lemma mpow_ideal:
  "mpow n \<subseteq> R \<and> (\<forall>x\<in>mpow n. \<forall>y\<in>mpow n. x + y \<in> mpow n) \<and> (\<forall>x\<in>mpow n. \<forall>r\<in>R. r * x \<in> mpow n)"
proof (induction n)
  case 0
  then show ?case using R_add R_mult by simp
next
  case (Suc n)
  have "ideal_prod m (mpow n) \<subseteq> R"
    using Suc.IH by (intro ideal_prod_subset[OF subring m_subset]) blast
  moreover have "\<forall>x\<in>ideal_prod m (mpow n). \<forall>r\<in>R. r * x \<in> ideal_prod m (mpow n)"
    using Suc.IH by (blast intro: ideal_prod_mult_right)
  ultimately show ?case by (simp add: mpow_Suc ideal_prod_add)
qed

lemma mpow_add: "x \<in> mpow n \<Longrightarrow> y \<in> mpow n \<Longrightarrow> x + y \<in> mpow n"
  and mpow_mult: "x \<in> mpow n \<Longrightarrow> r \<in> R \<Longrightarrow> r * x \<in> mpow n"
  using mpow_ideal[of n] by auto

lemma mpow_diff: "x \<in> mpow n \<Longrightarrow> y \<in> mpow n \<Longrightarrow> x - y \<in> mpow n"
  using mpow_add[of x n "-1 * y"] mpow_mult[OF _ R_minus_one] by simp

lemma mpow_Suc_mem: "a \<in> m \<Longrightarrow> y \<in> mpow n \<Longrightarrow> a * y \<in> mpow (Suc n)"
  by (simp add: ideal_prod_mem mpow_Suc)

lemma mpow_prod: "f \<in> mpow a \<Longrightarrow> y \<in> mpow c \<Longrightarrow> f * y \<in> mpow (a + c)"
proof (induction a arbitrary: f)
  case 0
  then show ?case using mpow_mult[of y c f] by (simp add: mult.commute)
next
  case (Suc a)
  obtain n :: nat and F G where f: "f = (\<Sum>l<n. F l * G l)" "\<forall>l<n. F l \<in> m \<and> G l \<in> mpow a"
    using Suc.prems(1) by (auto simp: mpow_Suc elim: ideal_prodE)
  have "f * y = (\<Sum>l<n. F l * (G l * y))"
    using f(1) by (simp add: sum_distrib_right mult.assoc)
  then show ?case using f(2) Suc.IH Suc.prems(2) by (auto simp: mpow_Suc intro!: ideal_prodI)
qed


lemma conductor_bound: "\<exists>c>0. \<forall>g. order_ge c g \<longrightarrow> g \<in> R"
proof -
  have "0 \<in> conductor R" unfolding conductor_def using R_zero by simp
  then obtain z where z: "z \<in> conductor R" "z \<noteq> 0" using conductor_nonzero by blast
  have "g \<in> R" if "order_ge (Suc (subdegree z)) g" for g
  proof -
    have "order_ge (subdegree z) g" using that by (rule order_ge_mono) simp
    then obtain q where "g = z * q" using order_ge_dvd z(2) by blast
    then show ?thesis using z(1) unfolding conductor_def by simp
  qed
  then show ?thesis by blast
qed

definition cexp :: nat where
  "cexp = (SOME c. 0 < c \<and> (\<forall>g. order_ge c g \<longrightarrow> g \<in> R))"

lemma cexp_pos: "0 < cexp" and order_ge_cexp_in_R: "order_ge cexp g \<Longrightarrow> g \<in> R"
  using someI_ex[OF conductor_bound] unfolding cexp_def by auto

lemma order_ge_cexp_in_m:
  assumes "order_ge cexp g"
  shows "g \<in> m"
proof -
  have "g $ 0 = 0" using assms cexp_pos unfolding order_ge_def by blast
  then show ?thesis using order_ge_cexp_in_R[OF assms] by (simp add: max_ideal_eq)
qed

lemma X_power_value:
  assumes "cexp \<le> s"
  shows "s \<in> val_set R"
proof -
  have "fps_X ^ s \<in> R" using assms by (intro order_ge_cexp_in_R) (simp add: order_ge_def)
  then have "fps_X ^ s \<in> R - {0}" by simp
  then show ?thesis unfolding val_set_def by (rule rev_image_eqI) (simp add: fps_X_power_subdegree)
qed


lemma e_props: "e \<in> val_set R" "0 < e" "\<And>s. s \<in> val_set R \<Longrightarrow> 0 < s \<Longrightarrow> e \<le> s"
proof -
  have ex: "\<exists>s. s \<in> val_set R \<and> 0 < s" using X_power_value[of cexp] cexp_pos by auto
  show "e \<in> val_set R" "0 < e" using LeastI_ex[OF ex] unfolding mult_e_def by auto
  show "\<And>s. s \<in> val_set R \<Longrightarrow> 0 < s \<Longrightarrow> e \<le> s" unfolding mult_e_def by (simp add: Least_le)
qed

lemma m_order_ge:
  assumes "y \<in> m"
  shows "order_ge e y"
proof (cases "y = 0")
  case False
  have y: "y \<in> R" "y $ 0 = 0" using assms max_ideal_eq by auto
  then have "subdegree y \<in> val_set R" using False unfolding val_set_def by auto
  moreover have "0 < subdegree y" using y False subdegree_eq_0_iff by auto
  ultimately show ?thesis using e_props(3) order_ge_iff by blast
qed (simp add: order_ge_def)

lemma mpow_order_ge: "y \<in> mpow n \<Longrightarrow> order_ge (n * e) y"
proof (induction n arbitrary: y)
  case 0
  then show ?case unfolding order_ge_def by simp
next
  case (Suc n)
  then obtain k :: nat and F G where y: "y = (\<Sum>l<k. F l * G l)" "\<forall>l<k. F l \<in> m \<and> G l \<in> mpow n"
    by (auto simp: mpow_Suc elim: ideal_prodE)
  have "order_ge (e + n * e) (F l * G l)" if "l < k" for l
    using y(2) that m_order_ge Suc.IH by (intro order_ge_mult) auto
  then show ?case unfolding y(1) by (intro order_ge_sum) simp
qed

lemma value_in_mpow_bound: "s \<in> val_set (mpow i) \<Longrightarrow> i \<le> s"
proof -
  assume "s \<in> val_set (mpow i)"
  then obtain f where "f \<in> mpow i" "f \<noteq> 0" "s = subdegree f" unfolding val_set_def by blast
  then have "i * e \<le> s" using mpow_order_ge[of f i] unfolding order_ge_iff by simp
  moreover have "i \<le> i * e" using e_props(2) by simp
  ultimately show ?thesis by linarith
qed

definition xe :: "'a fps" where
  "xe = (SOME x. x \<in> R \<and> x \<noteq> 0 \<and> subdegree x = e)"

lemma xe: "xe \<in> R" "xe \<noteq> 0" "subdegree xe = e"
proof -
  have "\<exists>x. x \<in> R \<and> x \<noteq> 0 \<and> subdegree x = e" using e_props(1) unfolding val_set_def by auto
  then have "xe \<in> R \<and> xe \<noteq> 0 \<and> subdegree xe = e" unfolding xe_def by (rule someI_ex)
  then show "xe \<in> R" "xe \<noteq> 0" "subdegree xe = e" by auto
qed

lemma xe_in_m: "xe \<in> m"
proof -
  have "xe $ 0 = 0" using xe(3) e_props(2) by (intro nth_less_subdegree_zero) simp
  then show ?thesis using xe(1) by (simp add: max_ideal_eq)
qed

lemma xe_power_in_mpow: "xe ^ k \<in> mpow k"
proof (induction k)
  case 0
  then show ?case using R_one by simp
next
  case (Suc k)
  then show ?case using mpow_Suc_mem[OF xe_in_m Suc.IH] by simp
qed

lemma subdegree_xe_power: "subdegree (xe ^ k) = k * e"
  using xe by simp

lemma xe_power_dvd: "order_ge (k * e) y \<Longrightarrow> \<exists>w. y = xe ^ k * w"
  using order_ge_dvd[of "xe ^ k" y] xe(2) unfolding subdegree_xe_power by simp

text \<open>A series of order at least k e + c lies in m^(k+1): it is x^k times a series
  of order at least c, which lies in m.\<close>

lemma large_order_in_mpow:
  assumes "order_ge (k * e + cexp) g"
  shows "g \<in> mpow (Suc k)"
proof -
  obtain w where g: "g = xe ^ k * w"
    using xe_power_dvd order_ge_mono[OF assms] by (metis le_add1)
  have "order_ge cexp w"
  proof (cases "w = 0")
    case False
    have "k * e + cexp \<le> subdegree g" using assms False g xe(2) unfolding order_ge_iff by simp
    also have "subdegree g = k * e + subdegree w" using g False xe by simp
    finally show ?thesis unfolding order_ge_iff by simp
  qed (simp add: order_ge_def)
  then have "w * xe ^ k \<in> mpow (Suc k)"
    using mpow_Suc_mem order_ge_cexp_in_m xe_power_in_mpow by blast
  then show ?thesis using g by (simp add: mult.commute)
qed


definition lift_set :: "nat \<Rightarrow> 'a fps set" where
  "lift_set N = {z. xe ^ N * z \<in> mpow (Suc N)}"

lemma lift_set_add: "a \<in> lift_set N \<Longrightarrow> b \<in> lift_set N \<Longrightarrow> a + b \<in> lift_set N"
  unfolding lift_set_def using mpow_add by (simp add: distrib_left)

lemma lift_set_diff: "a \<in> lift_set N \<Longrightarrow> b \<in> lift_set N \<Longrightarrow> a - b \<in> lift_set N"
  unfolding lift_set_def using mpow_diff by (simp add: right_diff_distrib)

lemma lift_set_smult: "a \<in> lift_set N \<Longrightarrow> fps_const l * a \<in> lift_set N"
  unfolding lift_set_def using mpow_mult R_const by (simp add: mult.left_commute)

lemma lift_set_mono: "lift_set N \<subseteq> lift_set (Suc N)"
proof
  fix z assume "z \<in> lift_set N"
  then have "xe * (xe ^ N * z) \<in> mpow (Suc (Suc N))"
    unfolding lift_set_def by (simp add: mpow_Suc_mem[OF xe_in_m])
  then show "z \<in> lift_set (Suc N)" unfolding lift_set_def by (simp add: mult.assoc)
qed

lemma order_ge_cexp_in_lift_set:
  assumes "order_ge cexp g"
  shows "g \<in> lift_set N"
proof -
  have "order_ge (N * e + cexp) (xe ^ N * g)"
    using mpow_order_ge[OF xe_power_in_mpow] assms by (rule order_ge_mult)
  then show ?thesis unfolding lift_set_def by (simp add: large_order_in_mpow)
qed

text \<open>The chain stops growing: its values below c increase inside a finite set, and
  these values determine the spaces.\<close>

lemma lift_set_stalls: "\<exists>N. lift_set (Suc N) \<subseteq> lift_set N"
proof -
  define W where "W N = subdegree ` (lift_set N - {0}) \<inter> {..<cexp}" for N
  have mono: "W N \<subseteq> W (Suc N)" for N unfolding W_def using lift_set_mono[of N] by blast
  have bounded: "W N \<subseteq> {..<cexp}" for N unfolding W_def by blast
  obtain N where stalled: "W (Suc N) \<subseteq> W N"
    using increasing_chain_stalls[of W "{..<cexp}", OF mono bounded] by blast
  have "lift_set (Suc N) \<subseteq> lift_set N"
  proof (rule subspace_determined_by_values)
    show "subdegree ` (lift_set (Suc N) - {0}) \<inter> {..<cexp} \<subseteq> subdegree ` (lift_set N - {0})"
      using stalled unfolding W_def by blast
  qed (fact lift_set_mono lift_set_add lift_set_smult lift_set_diff order_ge_cexp_in_lift_set)+
  then show ?thesis by blast
qed
(* In the setting of the two-hidden-layer main theorem (with the matrix $A\in\mathbb{R}^{(K+2)\times(K+2)}$ defined there from $C_w,C_v,C_u$), let $\tilde\rho_x=\max_{i\in[n]}\|x^i\|_1$, $$\zeta_1=\rho_w\sum_{j=1}^{n_2}\Big[\rho_v\sum_{l=1}^{n_1}(\rho_u\tilde\rho_x)^{\alpha_l}\Big]^{\beta_j},\qquad \zeta_2=\rho_w\sum_{j=1}^{n_2}\beta_j\Big[\rho_v\sum_{l=1}^{n_1}(\rho_u\tilde\rho_x)^{\alpha_l}\Big]^{\beta_j}.$$ Then $C_w\le\zeta_1$ and $C_v\le\zeta_2$, and if $$p_w>4(K+2)\zeta_1+5,\quad p_v>2(K+2)\big[2\zeta_2+\|\beta\|_\infty\big]-1,\quad p_u>2(K+2)\|\alpha\|_\infty(2\zeta_2+\|\beta\|_\infty)-1,$$ then $\rho(A)<1$.
   Context: Here $K,n_1,n_2\in\mathbb{N}$, $\rho_w,\rho_v,\rho_u>0$, $p_w,p_v,p_u\in(1,\infty)$, $p'=p/(p-1)$, $\alpha\in\mathbb{R}^{n_1}$, $\beta\in\mathbb{R}^{n_2}$ with entries $\ge1$, data $x^i\in\mathbb{R}^d_+$. $\rho_x=\max_i\|x^i\|_{p_u'}$, $\theta=\rho_v\Psi^\alpha_{p_v',p_u}(\mathbf{1},\rho_u\rho_x)$, $C_w=\rho_w\Psi^\beta_{p_w',p_v}(\mathbf{1},\theta)$, $C_v=\rho_w\Psi^\beta_{p_w',p_v}(\beta,\theta)$, $C_u=\|\alpha\|_\infty C_v$, where for $p,q\ge1$, $\gamma\in\mathbb{R}^r_{++}$, $\Psi^\gamma_{p,q}(\delta,t)=\big([\sum_{l\in J}(\delta_lt^{\gamma_l})^{pq/(q-\bar\gamma p)}]^{1-\bar\gamma p/q}+\max_{j\in J^c}(\delta_jt^{\gamma_j})^p\big)^{1/p}$ with $J=\{l:\gamma_lp<q\}$, $J^c=\{l:\gamma_lp\ge q\}$, $\bar\gamma=\min_{l\in J}\gamma_l$, empty sums/maxima $=0$. The matrix $A$: for $m,l\in[K]$, $A_{m,l}=4(p_w'-1)C_w$, $A_{m,K+1}=2(p_w'-1)(2C_v+\|\beta\|_\infty)$, $A_{m,K+2}=2(p_w'-1)(2C_u+\|\alpha\|_\infty\|\beta\|_\infty)$, $A_{K+1,l}=2(p_v'-1)(2C_w+1)$, $A_{K+1,K+1}=2(p_v'-1)(2C_v+\|\beta\|_\infty-1)$, $A_{K+1,K+2}=2(p_v'-1)(2C_u+\|\alpha\|_\infty\|\beta\|_\infty)$, $A_{K+2,l}=2(p_u'-1)(2C_w+1)$, $A_{K+2,K+1}=2(p_u'-1)(2C_v+\|\beta\|_\infty)$, $A_{K+2,K+2}=2(p_u'-1)(2C_u+\|\alpha\|_\infty\|\beta\|_\infty-1)$. $\rho(A)$ is the spectral radius. *)

theory Defs
  imports "HOL-Analysis.Analysis" "Jordan_Normal_Form.Spectral_Radius"
begin

definition conj_exp :: "real \<Rightarrow> real" where
  "conj_exp p = p / (p - 1)"

definition lp_norm :: "real \<Rightarrow> nat \<Rightarrow> (nat \<Rightarrow> real) \<Rightarrow> real" where
  "lp_norm p d x = (\<Sum>k<d. \<bar>x k\<bar> powr p) powr (1 / p)"

(* sup norm of a vector in R^r, indices 0..<r (r >= 1) *)
definition sup_norm :: "nat \<Rightarrow> (nat \<Rightarrow> real) \<Rightarrow> real" where
  "sup_norm r x = Max ((\<lambda>l. \<bar>x l\<bar>) ` {..<r})"

definition Psi :: "nat \<Rightarrow> (nat \<Rightarrow> real) \<Rightarrow> real \<Rightarrow> real \<Rightarrow> (nat \<Rightarrow> real) \<Rightarrow> real \<Rightarrow> real" where
  "Psi r gamma p q delta t =
    (let J = {l \<in> {..<r}. gamma l * p < q};
         Jc = {l \<in> {..<r}. gamma l * p \<ge> q};
         gbar = (if J = {} then 0 else Min (gamma ` J));
         S = (\<Sum>l\<in>J. (delta l * t powr gamma l) powr (p * q / (q - gbar * p)));
         M = (if Jc = {} then 0 else Max ((\<lambda>j. (delta j * t powr gamma j) powr p) ` Jc))
     in (S powr (1 - gbar * p / q) + M) powr (1 / p))"

(* the matrix A of size (K+2) x (K+2); index m < K corresponds to m+1 in [K],
   index K to K+1 and index K+1 to K+2 *)
definition A_mat :: "nat \<Rightarrow> real \<Rightarrow> real \<Rightarrow> real \<Rightarrow> real \<Rightarrow> real \<Rightarrow> real \<Rightarrow> real \<Rightarrow> real \<Rightarrow> real mat" where
  "A_mat K pw pv pu Cw Cv Cu na nb = mat (K+2) (K+2) (\<lambda>(i,j).
     if i < K then
       (if j < K then 4 * (conj_exp pw - 1) * Cw
        else if j = K then 2 * (conj_exp pw - 1) * (2 * Cv + nb)
        else 2 * (conj_exp pw - 1) * (2 * Cu + na * nb))
     else if i = K then
       (if j < K then 2 * (conj_exp pv - 1) * (2 * Cw + 1)
        else if j = K then 2 * (conj_exp pv - 1) * (2 * Cv + nb - 1)
        else 2 * (conj_exp pv - 1) * (2 * Cu + na * nb))
     else
       (if j < K then 2 * (conj_exp pu - 1) * (2 * Cw + 1)
        else if j = K then 2 * (conj_exp pu - 1) * (2 * Cv + nb)
        else 2 * (conj_exp pu - 1) * (2 * Cu + na * nb - 1)))"

end

theory Submission
  imports Defs
begin

text \<open>
  Since \<open>x powr p\<close> is superadditive for \<open>p \<ge> 1\<close>, each of the two parts of
  \<open>Psi r gamma p q delta t\<close> is bounded by the \<open>p\<close>-th power of the corresponding partial sum
  of \<open>delta l * t powr gamma l\<close>, so \<open>Psi\<close> is at most the whole sum. Together with
  \<open>lp_norm p \<le> lp_norm 1\<close> and monotonicity in \<open>t\<close> this gives \<open>C_w \<le> zeta_1\<close> and
  \<open>C_v \<le> zeta_2\<close>. For the spectral radius,
  \<open>A\<close> is entrywise nonnegative and, under the bounds on \<open>p_w, p_v, p_u\<close>, maps the positive
  vector \<open>(S, \<dots>, S, 2 C_w + 1, (2 C_w + 1) / \<parallel>alpha\<parallel>\<^sub>\<infinity>)\<close>, \<open>S = 2 C_v + \<parallel>beta\<parallel>\<^sub>\<infinity>\<close>,
  strictly below itself. Reading row \<open>i\<close> of \<open>A v = k v\<close> at the coordinate \<open>i\<close> maximising
  \<open>\<bar>v i\<bar> / d i\<close> then shows \<open>\<bar>k\<bar> < 1\<close> for every eigenvalue \<open>k\<close>.
\<close>

lemma sum_powr_le_powr_sum:
  fixes f :: "'a \<Rightarrow> real"
  assumes "finite I" "\<And>i. i \<in> I \<Longrightarrow> 0 \<le> f i" "1 \<le> r"
  shows "(\<Sum>i\<in>I. f i powr r) \<le> (\<Sum>i\<in>I. f i) powr r"
proof -
  define T where "T = (\<Sum>i\<in>I. f i)"
  have "0 \<le> T" unfolding T_def using assms by (simp add: sum_nonneg)
  show ?thesis
  proof (cases "T = 0")
    case True
    then have "\<forall>i\<in>I. f i = 0" using assms sum_nonneg_eq_0_iff unfolding T_def by blast
    then show ?thesis using True assms unfolding T_def by simp
  next
    case False
    with \<open>0 \<le> T\<close> have "0 < T" by simp
    \<comment> \<open>each share \<open>f i / T\<close> lies in \<open>[0, 1]\<close>, where raising to the power \<open>r\<close> can only decrease it\<close>
    have term_le: "f i powr r \<le> f i / T * T powr r" if "i \<in> I" for i
    proof -
      have fi: "0 \<le> f i" "f i \<le> T" using assms that unfolding T_def
        by (auto intro: member_le_sum)
      have "(f i / T) powr r \<le> (f i / T) powr 1"
        using fi \<open>0 < T\<close> assms(3) by (intro powr_mono') auto
      then have "(f i / T) powr r \<le> f i / T" using fi \<open>0 < T\<close> by simp
      moreover have "f i powr r = (f i / T) powr r * T powr r"
        using fi \<open>0 < T\<close> by (simp add: powr_divide)
      ultimately show ?thesis using fi \<open>0 < T\<close> by (metis mult_right_mono powr_ge_zero)
    qed
    have "(\<Sum>i\<in>I. f i powr r) \<le> (\<Sum>i\<in>I. f i / T * T powr r)"
      using term_le by (rule sum_mono)
    also have "\<dots> = T / T * T powr r"
      by (simp add: T_def sum_distrib_right[symmetric] sum_divide_distrib[symmetric])
    also have "\<dots> = T powr r" using \<open>0 < T\<close> by simp
    finally show ?thesis unfolding T_def .
  qed
qed

lemma powr_add_powr_le:
  fixes a b p :: real
  assumes "0 \<le> a" "0 \<le> b" "1 \<le> p"
  shows "a powr p + b powr p \<le> (a + b) powr p"
  using sum_powr_le_powr_sum[of "{0::nat, 1}" "\<lambda>i. if i = 0 then a else b" p] assms by simp

lemma sum_powr_powr_le_powr_sum:
  fixes f :: "'a \<Rightarrow> real"
  assumes "finite I" "\<And>i. i \<in> I \<Longrightarrow> 0 \<le> f i" "1 \<le> p" "0 < q" "0 \<le> g" "g * p < q"
  shows "(\<Sum>i\<in>I. f i powr (p * q / (q - g * p))) powr (1 - g * p / q) \<le> (\<Sum>i\<in>I. f i) powr p"
proof -
  define e where "e = 1 - g * p / q"
  have "0 \<le> g * p / q" using assms(3-5) by simp
  then have "0 < e" "e \<le> 1" "p * q / (q - g * p) = p / e"
    using assms(4,6) by (auto simp: e_def field_simps)
  moreover from this have "1 \<le> p / e"
    using assms(3) by (simp add: le_divide_eq)
  ultimately have "(\<Sum>i\<in>I. f i powr (p / e)) powr e \<le> ((\<Sum>i\<in>I. f i) powr (p / e)) powr e"
    using assms(1,2) by (intro powr_mono2 sum_powr_le_powr_sum) (auto intro: sum_nonneg)
  also have "\<dots> = (\<Sum>i\<in>I. f i) powr p"
    using \<open>0 < e\<close> assms(2) by (simp add: powr_powr sum_nonneg)
  finally show ?thesis unfolding e_def[symmetric] \<open>p * q / (q - g * p) = p / e\<close> .
qed

lemma Max_image_mono:
  fixes f g :: "'a \<Rightarrow> 'b::linorder"
  assumes "finite I" "I \<noteq> {}" "\<And>i. i \<in> I \<Longrightarrow> f i \<le> g i"
  shows "Max (f ` I) \<le> Max (g ` I)"
proof -
  have "f i \<le> Max (g ` I)" if "i \<in> I" for i
    using assms that by (meson Max_ge finite_imageI image_eqI order_trans)
  then show ?thesis using assms by (simp add: Max_le_iff)
qed

lemma Psi_nonneg: "0 \<le> Psi r gamma p q delta t"
  by (simp add: Psi_def Let_def)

# # # # #

Only lines with the word "noteq" are wanted, so copy each one from the records.

  then obtain z where z: "z \<in> conductor R" "z \<noteq> 0" using conductor_nonzero by blast
  then obtain f where "f \<in> mpow i" "f \<noteq> 0" "s = subdegree f" unfolding val_set_def by blast
  "xe = (SOME x. x \<in> R \<and> x \<noteq> 0 \<and> subdegree x = e)"
lemma xe: "xe \<in> R" "xe \<noteq> 0" "subdegree xe = e"
  have "\<exists>x. x \<in> R \<and> x \<noteq> 0 \<and> subdegree x = e" using e_props(1) unfolding val_set_def by auto
  then have "xe \<in> R \<and> xe \<noteq> 0 \<and> subdegree xe = e" unfolding xe_def by (rule someI_ex)
  then show "xe \<in> R" "xe \<noteq> 0" "subdegree xe = e" by auto
  assumes "finite I" "I \<noteq> {}" "\<And>i. i \<in> I \<Longrightarrow> f i \<le> g i"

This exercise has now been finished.